In Tag mania sweeps the Web, Jon Udell asks if tagging is ad or a real breakthrough in information management and answers, “both.” I’d have to say, “fad.” Tagging just means adding labels, such as categories, to data. For example, you can label a photo with the names of the people in it as well as the date and the event type. The value is that you can later search on these tags to pull together groups dynamically. In contrast, you otherwise would put your photos into folders–if you didn’t put them in the right folders, they’ll be hard to find or reorganize later.
The problem is that tagging is essentially foldering–it’s just putting the pictures or data into multiple folders. You still have the same problem: if you didn’t choose the right folders or labels, you can’t find the data later.
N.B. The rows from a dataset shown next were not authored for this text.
lemma eigs_desc_sandwich:
  assumes U: "orthogonal_mat n U"
  shows "eigs_desc (U * mat_diag n f * U\<^sup>T) = rev (sort (map f [0..<n]))"
proof -
  note U' = orthogonal_matD[OF U]
  have "similar_mat (U * mat_diag n f * U\<^sup>T) (mat_diag n f)"
    unfolding similar_mat_def similar_mat_wit_def Let_def
    by (intro exI[of _ U] exI[of _ "U\<^sup>T"]) (use U' in auto)
  then have "char_poly (U * mat_diag n f * U\<^sup>T) = char_poly (mat_diag n f)"
    by (rule char_poly_similar)
  also have "\<dots> = (\<Prod>a\<leftarrow>diag_mat (mat_diag n f). [:- a, 1:])"
    by (rule char_poly_upper_triangular[OF mat_diag_dim]) (simp add: upper_triangular_def mat_diag_def)
  also have "diag_mat (mat_diag n f) = map f [0..<n]"
    by (rule nth_equalityI) (auto simp: diag_mat_def mat_diag_def)
  finally have char_poly_eq: "char_poly (U * mat_diag n f * U\<^sup>T) = (\<Prod>a\<leftarrow>map f [0..<n]. [:- a, 1:])" .
  show ?thesis
    unfolding eigs_desc_def char_poly_eq proots_prod_list_linear sorted_list_of_multiset_mset ..
qed

section \<open>The spectral theorem for real symmetric matrices\<close>

lemma symmetric_mat_swap:
  assumes "M \<in> carrier_mat n n" "M\<^sup>T = M" "a < n" "b < n"
  shows "M $$ (b, a) = M $$ (a, b)"
  using assms by (metis carrier_matD index_transpose_mat(1))

lemma real_symmetric_form_cnj:
  fixes A :: "real mat" and w :: "complex vec"
  assumes A: "A \<in> carrier_mat n n" and sym: "A\<^sup>T = A"
  defines "S \<equiv> \<Sum>i\<in>{0..<n}. cnj (w $ i) * (\<Sum>j\<in>{0..<n}. of_real (A $$ (i, j)) * w $ j)"
  shows "cnj S = S"
proof -
  have "cnj S = (\<Sum>i\<in>{0..<n}. \<Sum>j\<in>{0..<n}. w $ i * of_real (A $$ (i, j)) * cnj (w $ j))"
    unfolding S_def by (simp add: sum_distrib_left mult_ac)
  also have "\<dots> = (\<Sum>j\<in>{0..<n}. \<Sum>i\<in>{0..<n}. w $ i * of_real (A $$ (i, j)) * cnj (w $ j))"
    by (rule sum.swap)
  also have "\<dots> = S"
    unfolding S_def by (auto simp: sum_distrib_left mult_ac symmetric_mat_swap[OF A sym] intro!: sum.cong)
  finally show ?thesis .
qed

text \<open>A complex eigenvalue \<open>z\<close> with eigenvector \<open>w\<close> satisfies
  \<open>z \<parallel>w\<parallel>\<^sup>2 = w\<^sup>* A w\<close>, which is real by symmetry; so \<open>z\<close> is a real root of the
  characteristic polynomial.\<close>
lemma real_symmetric_eigenvector:
  fixes A :: "real mat"
  assumes A: "A \<in> carrier_mat n n" and sym: "A\<^sup>T = A" and n: "n > 0"
  obtains e v where "v \<in> carrier_vec n" "v \<noteq> 0\<^sub>v n" "A *\<^sub>v v = e \<cdot>\<^sub>v v"
proof -
  define Ac where "Ac = map_mat complex_of_real A"
  have Ac: "Ac \<in> carrier_mat n n" using A by (simp add: Ac_def)
  have cp: "char_poly Ac = map_poly complex_of_real (char_poly A)"
    unfolding Ac_def by (rule of_real_hom.char_poly_hom[OF A])
  have "\<not> constant (poly (char_poly Ac))"
    using degree_monic_char_poly[OF A] n cp by (simp add: constant_degree)
  then obtain z where "poly (char_poly Ac) z = 0" using fundamental_theorem_of_algebra by blast
  then obtain w where w: "w \<in> carrier_vec n" "w \<noteq> 0\<^sub>v n" "Ac *\<^sub>v w = z \<cdot>\<^sub>v w"
    using eigenvalue_root_char_poly[OF Ac] Ac unfolding eigenvalue_def eigenvector_def by auto
  define r where "r = (\<Sum>i\<in>{0..<n}. (cmod (w $ i))\<^sup>2)"
  obtain i where i: "i < n" "w $ i \<noteq> 0" using w by (metis carrier_vecD eq_vecI index_zero_vec)
  have "0 < (cmod (w $ i))\<^sup>2" using i by simp
  also have "\<dots> \<le> r" unfolding r_def using i by (intro member_le_sum) auto
  finally have r: "r \<noteq> 0" by simp
  have Aw: "(\<Sum>j\<in>{0..<n}. of_real (A $$ (i, j)) * w $ j) = z * w $ i" if "i < n" for i
  proof -
    have "(Ac *\<^sub>v w) $ i = z * w $ i" using w that by simp
    then show ?thesis using that A w by (simp add: Ac_def scalar_prod_def)
  qed
  define S where "S = (\<Sum>i\<in>{0..<n}. cnj (w $ i) * (\<Sum>j\<in>{0..<n}. of_real (A $$ (i, j)) * w $ j))"
  have "S = (\<Sum>i\<in>{0..<n}. cnj (w $ i) * (z * w $ i))"
    unfolding S_def by (intro sum.cong) (auto simp: Aw)
  also have "\<dots> = z * of_real r"
    unfolding r_def of_real_sum complex_norm_square by (simp add: sum_distrib_left mult_ac)
  finally have "S = z * of_real r" .
  moreover have "cnj S = S" unfolding S_def by (rule real_symmetric_form_cnj[OF A sym])
  ultimately have "cnj z = z" using r by simp
  then have "Im z = 0" by (simp add: complex_eq_iff)
  then obtain e where "z = of_real e" by (metis complex_eq_iff Re_complex_of_real Im_complex_of_real)
  then have "poly (char_poly A) e = 0" using \<open>poly (char_poly Ac) z = 0\<close> cp by simp
  then show ?thesis
    using that eigenvalue_root_char_poly[OF A] A unfolding eigenvalue_def eigenvector_def by blast
qed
There are many, many, possible labels you can put on photos–if you don’t put them all, you can’t search for them later. Want to pull all of the photos containing someone wearing a red hat? Can’t do it if you didn’t label all of the red hat photos…
The online sharing of tagged information, a la flickr and del.ico.us, is cool because it leverages the efforts of others in a “harmony of the commons” way. But it only works if people use tags consistently. I suspect the apparent value of the new online sites is that they filter so much information that they appear to be successfully organizing information. But do we really know? Yes, we can construct a feed of C# stories. But we have no way to know how many useful C# stories have been missed. There’s value to seeing the C# stories identified as interesting by others, unless you don’t share their interests and they skipped the story you really would want to see.
The danger is that tagging is like a huge flea market. At first, you’re impressed; wow, they have everything! But after a while, you leave disappointed. Wow, there was a lot of other people’s junk. An occasional gem doesn’t make the system efficient. Ultimately, we need systems that find information you need. Tagging may be an short-term proxy that provides human collaboration, messy and inconsistent though it is, to provide some occasional improvement over manual web searches and surfing.